All constructors have _from_logical variants for nested complex types. Introspection methods (get_type_id, list_child_type, struct_child_count, decimal_width, etc.) are also available.

VARIANT type (Iceberg v3)

DuckDB v1.5.1 introduced the VARIANT type for Iceberg v3 support. This type is not yet exposed in the DuckDB C Extension API (DUCKDB_TYPE_VARIANT does not exist in libduckdb-sys 1.10501.0). quack-rs will add TypeId::Variant when the C API exposes it.

Changelog

All notable changes to quack-rs, mirrored from CHANGELOG.md.

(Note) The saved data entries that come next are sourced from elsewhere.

definition grad_W :: "(real \<Rightarrow> real) \<Rightarrow> (real \<Rightarrow> real) \<Rightarrow> (vec \<Rightarrow> 'y \<Rightarrow> vec) \<Rightarrow> nat list \<Rightarrow>
                     (mat \<times> vec) list \<Rightarrow> (vec \<times> 'y) list \<Rightarrow> nat \<Rightarrow> nat \<Rightarrow> nat \<Rightarrow> real" where
  "grad_W \<sigma> \<sigma>' dl ms th S l i j =
     avg S (\<lambda>x y. delta \<sigma> \<sigma>' dl ms th x y l i * fwd \<sigma> ms th x (l - 1) j)"

definition grad_b :: "(real \<Rightarrow> real) \<Rightarrow> (real \<Rightarrow> real) \<Rightarrow> (vec \<Rightarrow> 'y \<Rightarrow> vec) \<Rightarrow> nat list \<Rightarrow>
                     (mat \<times> vec) list \<Rightarrow> (vec \<times> 'y) list \<Rightarrow> nat \<Rightarrow> nat \<Rightarrow> real" where
  "grad_b \<sigma> \<sigma>' dl ms th S l i = avg S (\<lambda>x y. delta \<sigma> \<sigma>' dl ms th x y l i)"

lemma critical_iff_grad:
  "critical \<sigma> \<sigma>' dl ms th S \<longleftrightarrow>
     (\<forall>l\<in>{1..length th}.
        (\<forall>i < ms ! l. \<forall>j < ms ! (l - 1). grad_W \<sigma> \<sigma>' dl ms th S l i j = 0)
      \<and> (\<forall>i < ms ! l. grad_b \<sigma> \<sigma>' dl ms th S l i = 0))"
  by (simp add: critical_def grad_W_def grad_b_def delta_def)

lemma zv_last: "zv \<sigma> \<sigma>' dl ms th x y (length th) = dl (fwd \<sigma> ms th x (length th)) y"
  by (simp add: zv_def)

lemma zv_eq_sum_delta:
  assumes "l < length th"
  shows "zv \<sigma> \<sigma>' dl ms th x y l j
    = (\<Sum>i<ms ! Suc l. fst (th ! l) i j * delta \<sigma> \<sigma>' dl ms th x y (Suc l) i)"
proof -
  have "length th - l = Suc (length th - Suc l)" "length th - (length th - Suc l) = Suc l"
    using assms by auto
  then show ?thesis by (simp add: zv_def delta_def)
qed

lemma fwd_Suc_pre:
  "fwd \<sigma> ms th x (Suc k) = (if Suc k = length th then pre \<sigma> ms th x (Suc k)
     else (\<lambda>i. if i < ms ! Suc k then \<sigma> (pre \<sigma> ms th x (Suc k) i) else 0))"
  by (simp only: fwd.simps pre_def Let_def diff_Suc_1)

declare fwd.simps(2) [simp del]

lemma fwd_Suc_eq_if_pre_eq:
  assumes "pre \<sigma> ms' th' x (Suc k') = pre \<sigma> ms th x (Suc k)" "ms' ! Suc k' = ms ! Suc k"
    and "Suc k' = length th' \<longleftrightarrow> Suc k = length th"
  shows "fwd \<sigma> ms' th' x (Suc k') = fwd \<sigma> ms th x (Suc k)"
  unfolding fwd_Suc_pre assms(1,2,3) ..

lemma avg_cong: "(\<And>x y. (x, y) \<in> set S \<Longrightarrow> h x y = h' x y) \<Longrightarrow> avg S h = avg S h'"
  unfolding avg_def by (metis (mono_tags, lifting) map_eq_conv prod.collapse)

lemma avg_sum: "finite A \<Longrightarrow> avg S (\<lambda>x y. \<Sum>k\<in>A. f k x y) = (\<Sum>k\<in>A. avg S (f k))"
proof -
  have "(\<Sum>p\<leftarrow>S. \<Sum>k\<in>A. f k (fst p) (snd p)) = (\<Sum>k\<in>A. \<Sum>p\<leftarrow>S. f k (fst p) (snd p))"
    by (induction S) (simp_all add: sum.distrib)
  then show "avg S (\<lambda>x y. \<Sum>k\<in>A. f k x y) = (\<Sum>k\<in>A. avg S (f k))"
    by (simp add: avg_def sum_divide_distrib)
qed

lemma avg_mult: "avg S (\<lambda>x y. c * h x y) = c * avg S h"
  by (simp add: avg_def sum_list_const_mult)

lemma avg_add: "avg S (\<lambda>x y. f x y + g x y) = avg S f + avg S g"
  by (simp add: avg_def sum_list_addf add_divide_distrib)

lemma affine_layer_eq:
  "layer_eq m n p p' \<Longrightarrow> affine m n (fst p) (snd p) v = affine m n (fst p') (snd p') v"
  unfolding affine_def layer_eq_def by (auto intro!: ext sum.cong)

text \<open>Condition (iii) of the lifting: the inserted layer of affine units followed by the new
  layer \<open>q + 1\<close> computes the old layer \<open>q + 1\<close>.\<close>
lemma affine_comp_diagonal:
  assumes "\<forall>i<m. \<forall>k<n. (\<Sum>j<mh. A i j * lam j * B j k) = W i k"
    and "\<forall>i<m. (\<Sum>j<mh. A i j * lam j * c j) + (\<Sum>j<mh. A i j * mu j) + a i = b i"
  shows "affine m mh A a (\<lambda>j. if j < mh then lam j * affine mh n B c v j + mu j else 0)
       = affine m n W b v"
proof (rule ext)
  fix i
  show "affine m mh A a (\<lambda>j. if j < mh then lam j * affine mh n B c v j + mu j else 0) i
      = affine m n W b v i"
  proof (cases "i < m")
    case True
    have "(\<Sum>j<mh. A i j * (if j < mh then lam j * affine mh n B c v j + mu j else 0))
        = (\<Sum>j<mh. (\<Sum>k<n. A i j * lam j * B j k * v k) + A i j * lam j * c j + A i j * mu j)"
      by (rule sum.cong) (auto simp: affine_def algebra_simps sum_distrib_left)
    also have "\<dots> = (\<Sum>k<n. (\<Sum>j<mh. A i j * lam j * B j k) * v k)
        + (\<Sum>j<mh. A i j * lam j * c j) + (\<Sum>j<mh. A i j * mu j)"
      by (simp add: sum.distrib sum_distrib_right sum.swap[where A="{..<mh}"])
    also have "\<dots> = (\<Sum>k<n. W i k * v k) + b i - a i"
      using assms True by (simp add: eq_diff_eq add.assoc)
    finally show ?thesis using True by (simp add: affine_def)
  qed (simp add: affine_def)
qed

lemma sum_transpose_diagonal:
  fixes A B :: "nat \<Rightarrow> nat \<Rightarrow> real"
  assumes "\<forall>i<m. (\<Sum>h<mh. A i h * lam h * B h k) = W i k"
  shows "(\<Sum>h<mh. B h k * (lam h * (\<Sum>i<m. A i h * z i))) = (\<Sum>i<m. W i k * z i)"
proof -
  have "(\<Sum>h<mh. B h k * (lam h * (\<Sum>i<m. A i h * z i))) = (\<Sum>i<m. (\<Sum>h<mh. A i h * lam h * B h k) * z i)"
    by (simp add: sum_distrib_left sum_distrib_right sum.swap[where A="{..<mh}"] mult_ac)
  then show ?thesis using assms by simp
qed

lemma derivative_on_affine_piece:
  assumes deriv: "\<And>t. \<sigma> differentiable (at t) \<Longrightarrow> (\<sigma> has_real_derivative \<sigma>' t) (at t)"
    and piece: "\<forall>s. a < s \<and> s < b \<longrightarrow> \<sigma> s = c * s + d" and "a < t" "t < b"
  shows "\<sigma>' t = c"
proof -
  have "((\<lambda>u. c * u + d) has_real_derivative c) (at t)"
    by (auto intro!: derivative_eq_intros)
  then have "(\<sigma> has_real_derivative c) (at t)"
    by (rule has_field_derivative_transform_within_open[where S="{a<..<b}"]) (use assms in auto)
  then show ?thesis
    using deriv DERIV_unique real_differentiable_def by blast
qed

lemma nth_deeper_dims_le: "k \<le> q \<Longrightarrow> q < length ms \<Longrightarrow> deeper_dims ms q mh ! k = ms ! k"
  by (simp add: deeper_dims_def nth_append)

lemma nth_deeper_dims_new: "q < length ms \<Longrightarrow> deeper_dims ms q mh ! Suc q = mh"
  by (simp add: deeper_dims_def nth_append)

The format follows Keep a Changelog. quack-rs adheres to Semantic Versioning.


Unreleased

[0.8.0] — 2026-03-28

Added

  • LogicalType::from_raw(ptr) — construct from raw handle
  • Complex type constructorsdecimal, array, array_from_logical, union_type, union_type_from_logical, enum_type
  • _from_logical variantsstruct_type_from_logical, list_from_logical, map_from_logical for nested complex types
  • 20 introspection methods on LogicalTypeget_type_id, get_alias, set_alias, decimal/enum/list/map/struct/union/array child access
  • TypeId::from_duckdb_type() — reverse conversion from raw C enum
  • extra_info on ScalarFunctionBuilder, ScalarOverloadBuilder, AggregateFunctionBuilder
  • param_logical / named_param_logical on TableFunctionBuilder
  • CastFunctionBuilder::new_logical() for complex source/target types
  • Callback info wrappersScalarFunctionInfo, ScalarBindInfo (duckdb-1-5), ScalarInitInfo (duckdb-1-5), AggregateFunctionInfo, CopyBindInfo (duckdb-1-5), CopyGlobalInitInfo (duckdb-1-5), CopySinkInfo (duckdb-1-5), CopyFinalizeInfo (duckdb-1-5)
  • get_client_context() on all callback info types
  • BindInfoget_parameter, get_named_parameter, get_extra_info, get_client_context
  • InitInfo / FunctionInfoget_extra_info
  • ArrayVector helper with get_child()
  • vector_size() and vector_get_column_type() utilities
  • PreludeStructVector, ListVector, MapVector, ArrayVector, ScalarFunctionInfo, AggregateFunctionInfo

Changed

  • Breaking: CastFunctionBuilder::source() / target() return Option<TypeId> (was TypeId)
  • Breaking: CastRecord::source / target fields changed to Option<TypeId>

0.7.1 — 2026-03-27

Added

  • TypeId::Any — wildcard type for function overload resolution (duckdb-1-5)
  • TypeId::Varint — variable-length arbitrary-precision integer (duckdb-1-5)
  • TypeId::SqlNull — explicit SQL NULL type for bare NULL literals (duckdb-1-5)
  • TypeId::IntegerLiteral — integer literal type for overload resolution (duckdb-1-5)
  • TypeId::StringLiteral — string literal type for overload resolution (duckdb-1-5)
  • MockVectorReader/MockVectorWriter tests — 12 new tests for untested constructors and getters
  • DuckDB v1.5.1 evaluation — see docs/duckdb-v1.5.1-evaluation.md

Fixed

  • ARM64 / aarch64 build — use c_char instead of i8 for cross-platform pointer casts

Changed

  • DuckDB v1.5.1 compatibility — documentation updated to explicitly cover v1.5.1. C API version unchanged (v1.2.0). Recommend upgrading DuckDB runtime for WAL corruption and ART index fixes.

0.7.0 — 2026-03-22

Added

  • duckdb-1-5 feature modules — the duckdb-1-5 feature flag is no longer a placeholder. When enabled, it gates five new modules wrapping DuckDB 1.5.0 C Extension API additions:

    • catalog — catalog entry lookup (CatalogEntry, Catalog, CatalogEntryType)
    • client_context — client context access (ClientContext) for retrieving catalogs, config options, and connection IDs from within registered function callbacks
    • config_option — extension-defined configuration options (ConfigOptionBuilder, ConfigOptionScope) registered via SET/RESET/current_setting()
    • copy_function — custom COPY TO handlers (CopyFunctionBuilder) with bind → global init → sink → finalize lifecycle
    • table_description — table metadata queries (TableDescription) for column count, names, and logical types
  • TypeId::TimeNs — new TIME_NS column type variant for nanosecond- precision time of day (DuckDB 1.5.0+, requires duckdb-1-5 feature)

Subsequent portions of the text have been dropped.